## Required action
Scan the data for "later" and copy each matching line.

___ Information shown

lemma child_parent:
  assumes "valid_cell d D" "0 < fst D"
  shows "D \<in> children d (parent D)"
proof -
  have "D = (Suc (fst (parent D)), snd D)"
    using assms(2) by (simp add: parent_def prod_eq_iff)
  moreover have "snd D i = 2 * (snd D i div 2) \<or> snd D i = 2 * (snd D i div 2) + 1" for i
    by presburger
  ultimately show ?thesis
    using assms(1) unfolding children_def valid_cell_def parent_def by auto
qed

lemma parent_encloses:
  assumes "0 < fst C"
  shows "lo (parent C) i \<le> lo C i \<and> hi C i \<le> hi (parent C) i"
proof -
  obtain k where k: "fst C = Suc k" using assms by (cases "fst C") auto
  define a where "a = snd C i"
  have "real (a div 2 * 2) \<le> real a" "real (a + 1) \<le> real ((a div 2 + 1) * 2)"
    unfolding of_nat_le_iff by presburger+
  then have r: "real (a div 2) * 2 \<le> real a" "real a + 1 \<le> (real (a div 2) + 1) * 2"
    by simp_all
  have "lo (parent C) i = real (a div 2) * 2 / 2 ^ Suc k" "lo C i = real a / 2 ^ Suc k"
    "hi C i = (real a + 1) / 2 ^ Suc k" "hi (parent C) i = (real (a div 2) + 1) * 2 / 2 ^ Suc k"
    by (simp_all add: lo_def hi_def parent_def k a_def field_simps)
  then show ?thesis
    by (simp only:) (intro conjI divide_right_mono r zero_le_power; simp)
qed
(* Let $n\ge0$ and $0\le p,q,k\le n$ with $p+q\le n$. Then in $OPol_{n+1}$, $$\sum_{m=1}^{n-p-q}(-1)^{(n+k)(m+p+k)}e^{(n+1)}_{n-k+m}\,e^{(n+1)}_{n-p-q-m}=\sum_{m=1}^{n-p-q}(-1)^{(n+k)(m+q)}e^{(n+1)}_{n-p-q-m}\,e^{(n+1)}_{n-k+m}.$$
   Context: $\Bbbk$ is a field of characteristic $\neq2$. $OPol_N$ is the graded superalgebra generated by odd elements $x_1,\dots,x_N$ of degree 2 subject to $x_jx_i=-x_ix_j$ for $i\neq j$. For $r\ge0$, $e_r^{(N)}:=\sum_{1\le i_1<\dots<i_r\le N}x_{i_1}\cdots x_{i_r}\in OPol_N$ (so $e_0^{(N)}=1$ and $e^{(N)}_r=0$ for $r>N$). *)

theory Defs
  imports Main
begin

text \<open>The odd polynomial algebra OPol_N over a field: elements are represented by their
coefficient functions on exponent vectors (variables x_0,...,x_{N-1}, i.e. the paper's
x_1,...,x_N shifted by one). A monomial x^a = x_0^{a 0} ... x_{N-1}^{a (N-1)}, and
x^a x^b = (-1)^(sum_{i>j} a_i b_j) x^(a+b), which is forced by x_j x_i = - x_i x_j (i ~= j).\<close>

type_synonym 'a opol = "(nat \<Rightarrow> nat) \<Rightarrow> 'a"

definition opol_monos :: "nat \<Rightarrow> (nat \<Rightarrow> nat) set" where
  "opol_monos N = {a. \<forall>i\<ge>N. a i = 0}"

definition opol_sign :: "nat \<Rightarrow> (nat \<Rightarrow> nat) \<Rightarrow> (nat \<Rightarrow> nat) \<Rightarrow> 'a::field" where
  "opol_sign N a b = (-1) ^ (\<Sum>i<N. \<Sum>j<i. a i * b j)"

definition opol_mult :: "nat \<Rightarrow> 'a::field opol \<Rightarrow> 'a opol \<Rightarrow> 'a opol" where
  "opol_mult N f g = (\<lambda>c. if c \<in> opol_monos N then
     (\<Sum>a\<in>{a. a \<in> opol_monos N \<and> (\<forall>i. a i \<le> c i)}.
        opol_sign N a (\<lambda>i. c i - a i) * f a * g (\<lambda>i. c i - a i))
     else 0)"

definition opol_one :: "'a::field opol" where
  "opol_one = (\<lambda>a. if a = (\<lambda>_. 0) then 1 else 0)"

definition opol_var :: "nat \<Rightarrow> 'a::field opol" where
  "opol_var i = (\<lambda>a. if a = (\<lambda>j. if j = i then 1 else 0) then 1 else 0)"

fun opol_prodl :: "nat \<Rightarrow> 'a::field opol list \<Rightarrow> 'a opol" where
  "opol_prodl N [] = opol_one"
| "opol_prodl N (f # fs) = opol_mult N f (opol_prodl N fs)"

definition opol_sum :: "('b \<Rightarrow> 'a::field opol) \<Rightarrow> 'b set \<Rightarrow> 'a opol" where
  "opol_sum F A = (\<lambda>c. \<Sum>x\<in>A. F x c)"

definition opol_smult :: "'a::field \<Rightarrow> 'a opol \<Rightarrow> 'a opol" where
  "opol_smult s f = (\<lambda>c. s * f c)"

definition elem_sym :: "nat \<Rightarrow> nat \<Rightarrow> 'a::field opol" where
  "elem_sym N r = opol_sum
     (\<lambda>S. opol_prodl N (map opol_var (sorted_list_of_set S)))
     {S. S \<subseteq> {..<N} \<and> card S = r}"

end

theory Submission
  imports Defs "HOL-Library.FuncSet"
begin

text \<open>At a monomial whose exponents are at most 2, with T the variables of
  exponent 2 and U those of exponent 1 (t = card T, u = card U), the coefficient of e_r e_s is a
  signed sum over the ways of distributing U between the two factors; it equals a sign times
  (-1)^((r-t)t) times the Gaussian binomial [u choose r-t]_q at q = -1. Swapping the factors costs
  (-1)^(rs+t). Since [u choose j]_{-1} vanishes for u even and j odd, and
  [u choose 2i+1]_{-1} = [u choose 2i]_{-1} for u odd, the summands of the two sides agree up to
  the global sign (-1)^((n+k+t)u); when that sign is -1, consecutive summands of the left-hand side
  cancel in pairs.\<close>

section \<open>Monomials and elementary symmetric polynomials\<close>

definition opol_delta :: "(nat \<Rightarrow> nat) \<Rightarrow> 'a::field opol" where
  "opol_delta a = (\<lambda>c. if c = a then 1 else 0)"

definition set_mono :: "nat set \<Rightarrow> nat \<Rightarrow> nat" where
  "set_mono A = (\<lambda>i. if i \<in> A then 1 else 0)"

definition subsets_of_card :: "'b set \<Rightarrow> nat \<Rightarrow> 'b set set" where
  "subsets_of_card U j = {A. A \<subseteq> U \<and> card A = j}"

lemma finite_subsets_of_card: "finite U \<Longrightarrow> finite (subsets_of_card U j)"
  unfolding subsets_of_card_def by (rule finite_subset[of _ "Pow U"]) auto

lemma finite_opol_divisors: "finite {a. a \<in> opol_monos N \<and> (\<forall>i. a i \<le> c i)}"
proof -
  let ?restrict = "\<lambda>f i. if i < N then f i else 0"
  have "{a. a \<in> opol_monos N \<and> (\<forall>i. a i \<le> c i)} \<subseteq> ?restrict ` PiE {..<N} (\<lambda>i. {..c i})"
  proof
    fix a assume a: "a \<in> {a. a \<in> opol_monos N \<and> (\<forall>i. a i \<le> c i)}"
    then have "a = ?restrict (restrict a {..<N})"
      by (auto simp: opol_monos_def)
    moreover have "restrict a {..<N} \<in> PiE {..<N} (\<lambda>i. {..c i})" using a by auto
    ultimately show "a \<in> ?restrict ` PiE {..<N} (\<lambda>i. {..c i})" by blast
  qed
  then show ?thesis by (rule finite_subset) (simp add: finite_PiE)
qed

lemma opol_mult_sum_left:
  "opol_mult N (opol_sum F X) g = opol_sum (\<lambda>x. opol_mult N (F x) g) X"
  unfolding opol_mult_def opol_sum_def
  by (rule ext) (auto simp: sum_distrib_left sum_distrib_right mult.assoc intro: sum.swap)

lemma opol_mult_sum_right:
  "opol_mult N f (opol_sum F X) = opol_sum (\<lambda>x. opol_mult N f (F x)) X"
  unfolding opol_mult_def opol_sum_def
  by (rule ext) (auto simp: sum_distrib_left mult.left_commute intro: sum.swap)

lemma opol_mult_delta:
  assumes "a \<in> opol_monos N" "b \<in> opol_monos N"
  shows "opol_mult N (opol_delta a) (opol_delta b)
       = opol_smult (opol_sign N a b) (opol_delta (\<lambda>i. a i + b i) :: 'a::field opol)"
proof (rule ext)
  fix c :: "nat \<Rightarrow> nat"
  let ?D = "{a. a \<in> opol_monos N \<and> (\<forall>i. a i \<le> c i)}"
  have in_monos: "c = (\<lambda>i. a i + b i) \<Longrightarrow> c \<in> opol_monos N"
    using assms by (auto simp: opol_monos_def)
  have "opol_mult N (opol_delta a) (opol_delta b) c = (if c \<in> opol_monos N then
      (\<Sum>a'\<in>?D. opol_sign N a' (\<lambda>i. c i - a' i) * opol_delta a a' * opol_delta b (\<lambda>i. c i - a' i))
      else 0)"
    unfolding opol_mult_def by (rule refl)
  also have "(\<Sum>a'\<in>?D. opol_sign N a' (\<lambda>i. c i - a' i) * opol_delta a a' * opol_delta b (\<lambda>i. c i - a' i))
      = (\<Sum>a'\<in>?D. if a' = a then opol_sign N a (\<lambda>i. c i - a i) * opol_delta b (\<lambda>i. c i - a i) else 0)"
    by (rule sum.cong) (auto simp: opol_delta_def)
  also have "\<dots> = (if a \<in> ?D then opol_sign N a (\<lambda>i. c i - a i) * opol_delta b (\<lambda>i. c i - a i) else 0)"
    using finite_opol_divisors by (simp add: sum.delta')
  also have "\<dots> = (if c = (\<lambda>i. a i + b i) then opol_sign N a b else 0)"
  proof -
    have "(a \<in> ?D \<and> (\<lambda>i. c i - a i) = b) \<longleftrightarrow> c = (\<lambda>i. a i + b i)"
      using assms(1) by (auto simp: fun_eq_iff) (metis le_add_diff_inverse)
    then show ?thesis by (auto simp: opol_delta_def)
  qed
  finally show "opol_mult N (opol_delta a) (opol_delta b) c
      = opol_smult (opol_sign N a b) (opol_delta (\<lambda>i. a i + b i)) c"
    using in_monos by (auto simp: opol_smult_def opol_delta_def)
qed

lemma set_mono_in_monos: "A \<subseteq> {..<N} \<Longrightarrow> set_mono A \<in> opol_monos N"
  by (auto simp: set_mono_def opol_monos_def)

lemma opol_prodl_sorted_vars:
  assumes "sorted_wrt (<) xs" "set xs \<subseteq> {..<N}"
  shows "opol_prodl N (map opol_var xs) = (opol_delta (set_mono (set xs)) :: 'a::field opol)"
  using assms
proof (induction xs)
  case Nil
  show ?case by (simp add: opol_one_def opol_delta_def set_mono_def)
next
  case (Cons x xs)
  have later: "y \<in> set xs \<Longrightarrow> x < y" for y using Cons.prems by auto
  have var: "(opol_var x :: 'a opol) = opol_delta (set_mono {x})"
    by (rule ext) (simp add: opol_var_def opol_delta_def set_mono_def)
  have sign: "opol_sign N (set_mono {x}) (set_mono (set xs)) = (1::'a)"
  proof -
    have "(\<Sum>i<N. \<Sum>j<i. set_mono {x} i * set_mono (set xs) j) = 0"
      using later by (force simp: set_mono_def intro!: sum.neutral dest: less_asym)
    then show ?thesis unfolding opol_sign_def by (simp only: power_0)
  qed
  have "(\<lambda>i. set_mono {x} i + set_mono (set xs) i) = set_mono (set (x # xs))"
    using later by (auto simp: set_mono_def fun_eq_iff)
  with Cons var sign show ?case
    by (simp add: opol_mult_delta set_mono_in_monos opol_smult_def)
qed

lemma elem_sym_eq_sum_delta:
  "elem_sym N r = opol_sum (\<lambda>S. opol_delta (set_mono S)) (subsets_of_card {..<N} r)"
  unfolding elem_sym_def subsets_of_card_def opol_sum_def
proof (intro ext sum.cong refl)
  fix S c assume "S \<in> {S. S \<subseteq> {..<N} \<and> card S = r}"
  then have "S \<subseteq> {..<N}" "finite S" using finite_subset by auto
  then show "opol_prodl N (map opol_var (sorted_list_of_set S)) c = opol_delta (set_mono S) c"
    by (simp add: opol_prodl_sorted_vars)
qed

section \<open>Inversion counts\<close>

lemma neg_one_power_parity_cong: "even a = even b \<Longrightarrow> (-1::'a::ring_1) ^ a = (-1) ^ b"
  by (simp add: minus_one_power_iff)

definition inversions :: "nat set \<Rightarrow> nat set \<Rightarrow> nat" where
  "inversions A B = card {(i, j). i \<in> A \<and> j \<in> B \<and> j < i}"

lemma opol_sign_set_mono:
  assumes "A \<subseteq> {..<N}" "finite B"
  shows "opol_sign N (set_mono A) (set_mono B) = ((-1::'a::field) ^ inversions A B)"
proof -
  have "(\<Sum>i<N. \<Sum>j<i. set_mono A i * set_mono B j) = (\<Sum>i<N. if i \<in> A then card {j\<in>B. j < i} else 0)"
  proof (rule sum.cong)
    fix i
    have "(\<Sum>j<i. set_mono B j) = card ({..<i} \<inter> B)"
      by (simp add: set_mono_def sum.If_cases)
    also have "{..<i} \<inter> B = {j\<in>B. j < i}" by auto
    finally show "(\<Sum>j<i. set_mono A i * set_mono B j) = (if i \<in> A then card {j\<in>B. j < i} else 0)"
      by (simp add: set_mono_def)
  qed simp
  also have "\<dots> = (\<Sum>i\<in>A. card {j\<in>B. j < i})"
    using assms(1) by (simp add: sum.If_cases Int_absorb1)
  also have "\<dots> = card (Sigma A (\<lambda>i. {j\<in>B. j < i}))"
    using assms finite_subset by (subst card_SigmaI) auto
  also have "Sigma A (\<lambda>i. {j\<in>B. j < i}) = {(i, j). i \<in> A \<and> j \<in> B \<and> j < i}" by auto
  finally show ?thesis by (simp add: opol_sign_def inversions_def)
qed
lemma sqrt_coeff_ratio_Suc:
  assumes "n \<ge> Suc (Suc j)"
  shows "sqrt_coeff_ratio (Suc j) n = sqrt_coeff_ratio j n * ((real n - real j) / (real n - real j - 3/2))"
proof -
  define m where "m = n - Suc j"
  have m: "n - j = Suc m" "real m = real n - real j - 1"
    using assms by (simp_all add: m_def of_nat_diff)
  have "(real n - real j) * sqrt_coeff (Suc m) = - (real n - real j - 3/2) * sqrt_coeff m"
    using sqrt_coeff_Suc[of m] unfolding of_nat_Suc m(2) by (simp add: algebra_simps)
  moreover have "real n - real j - 3/2 \<noteq> 0"
  proof
    assume "real n - real j - 3/2 = 0"
    then have "2 * n = 2 * j + 3" by linarith
    then show False by presburger
  qed
  ultimately have c_m: "sqrt_coeff m = - ((real n - real j) / (real n - real j - 3/2)) * sqrt_coeff (Suc m)"
    by (simp add: field_simps)
  have "sqrt_coeff_ratio (Suc j) n = (-1) ^ Suc j * sqrt_coeff m / sqrt_coeff n"
    by (simp add: sqrt_coeff_ratio_def m_def)
  also have "\<dots> = (-1) ^ j * sqrt_coeff (Suc m) / sqrt_coeff n * ((real n - real j) / (real n - real j - 3/2))"
    unfolding c_m by (simp add: mult_ac)
  also have "\<dots> = sqrt_coeff_ratio j n * ((real n - real j) / (real n - real j - 3/2))"
    by (simp add: sqrt_coeff_ratio_def m(1))
  finally show ?thesis .
qed

lemma sqrt_coeff_ratio_tendsto: "((\<lambda>n. sqrt_coeff_ratio j n) \<longlongrightarrow> 1) at_top"
proof (induction j)
  case 0
  show ?case by (simp add: sqrt_coeff_ratio_def sqrt_coeff_nonzero)
next
  case (Suc j)
  have "((\<lambda>n. sqrt_coeff_ratio j n * ((real n - real j) / (real n - real j - 3/2)))
      \<longlongrightarrow> 1 * 1) at_top"
    by (intro tendsto_mult Suc.IH) real_asymp
  moreover have "eventually (\<lambda>n. sqrt_coeff_ratio j n * ((real n - real j) / (real n - real j - 3/2)) =
      sqrt_coeff_ratio (Suc j) n) at_top"
    using eventually_ge_at_top[of "Suc (Suc j)"] by eventually_elim (simp add: sqrt_coeff_ratio_Suc)
  ultimately show ?case
    using Lim_transform_eventually by fastforce
qed

lemma binomial_diff_over_power_tendsto:
  assumes "i \<le> d"
  shows "((\<lambda>n. real ((n - j) choose i) / real n ^ d)
    \<longlongrightarrow> (if i = d then 1 / fact d else 0)) at_top"
proof -
  have ev: "eventually (\<lambda>n. (\<Prod>l\<in>{0..<i}. (real n - real j - real l) / real n) / fact i
      * (1 / real n ^ (d - i)) = real ((n - j) choose i) / real n ^ d) at_top"
    using eventually_ge_at_top[of "Suc j"]
  proof eventually_elim
    case (elim n)
    have "real ((n - j) choose i) = (\<Prod>l\<in>{0..<i}. real n - real j - real l) / fact i"
      using elim by (simp add: binomial_gbinomial of_nat_diff flip: gbinomial_mult_fact')
    moreover have "real n ^ d = real n ^ i * real n ^ (d - i)"
      using assms by (simp flip: power_add)
    ultimately show ?case
      using elim by (simp add: prod_dividef)
  qed
  have lim_power: "((\<lambda>n. 1 / real n ^ (d - i)) \<longlongrightarrow> (if i = d then 1 else 0)) at_top"
  proof (cases "i = d")
    case False
    then have "d - i > 0" using assms by simp
    then have "filterlim (\<lambda>n. real n ^ (d - i)) at_infinity at_top"
      by (intro filterlim_at_top_imp_at_infinity filterlim_pow_at_top filterlim_real_sequentially)
    with False show ?thesis
      by (simp add: tendsto_divide_0[OF tendsto_const])
  qed simp
  have lim_factor: "((\<lambda>n. (real n - real j - real l) / real n) \<longlongrightarrow> 1) at_top" for l
    by real_asymp
  have "((\<lambda>n. (\<Prod>l\<in>{0..<i}. (real n - real j - real l) / real n) / fact i * (1 / real n ^ (d - i)))
      \<longlongrightarrow> (\<Prod>l\<in>{0..<i}. 1) / fact i * (if i = d then 1 else 0)) at_top"
    by (intro tendsto_mult tendsto_divide tendsto_prod lim_factor lim_power tendsto_const) simp
  then have "((\<lambda>n. real ((n - j) choose i) / real n ^ d)
      \<longlongrightarrow> (\<Prod>l\<in>{0..<i}. 1) / fact i * (if i = d then 1 else 0)) at_top"
    by (rule Lim_transform_eventually[OF _ ev])
  then show ?thesis
    by (cases "i = d") simp_all
qed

______

## The answer
  have later: "y \<in> set xs \<Longrightarrow> x < y" for y using Cons.prems by auto
      using later by (force simp: set_mono_def intro!: sum.neutral dest: less_asym)
    using later by (auto simp: set_mono_def fun_eq_iff)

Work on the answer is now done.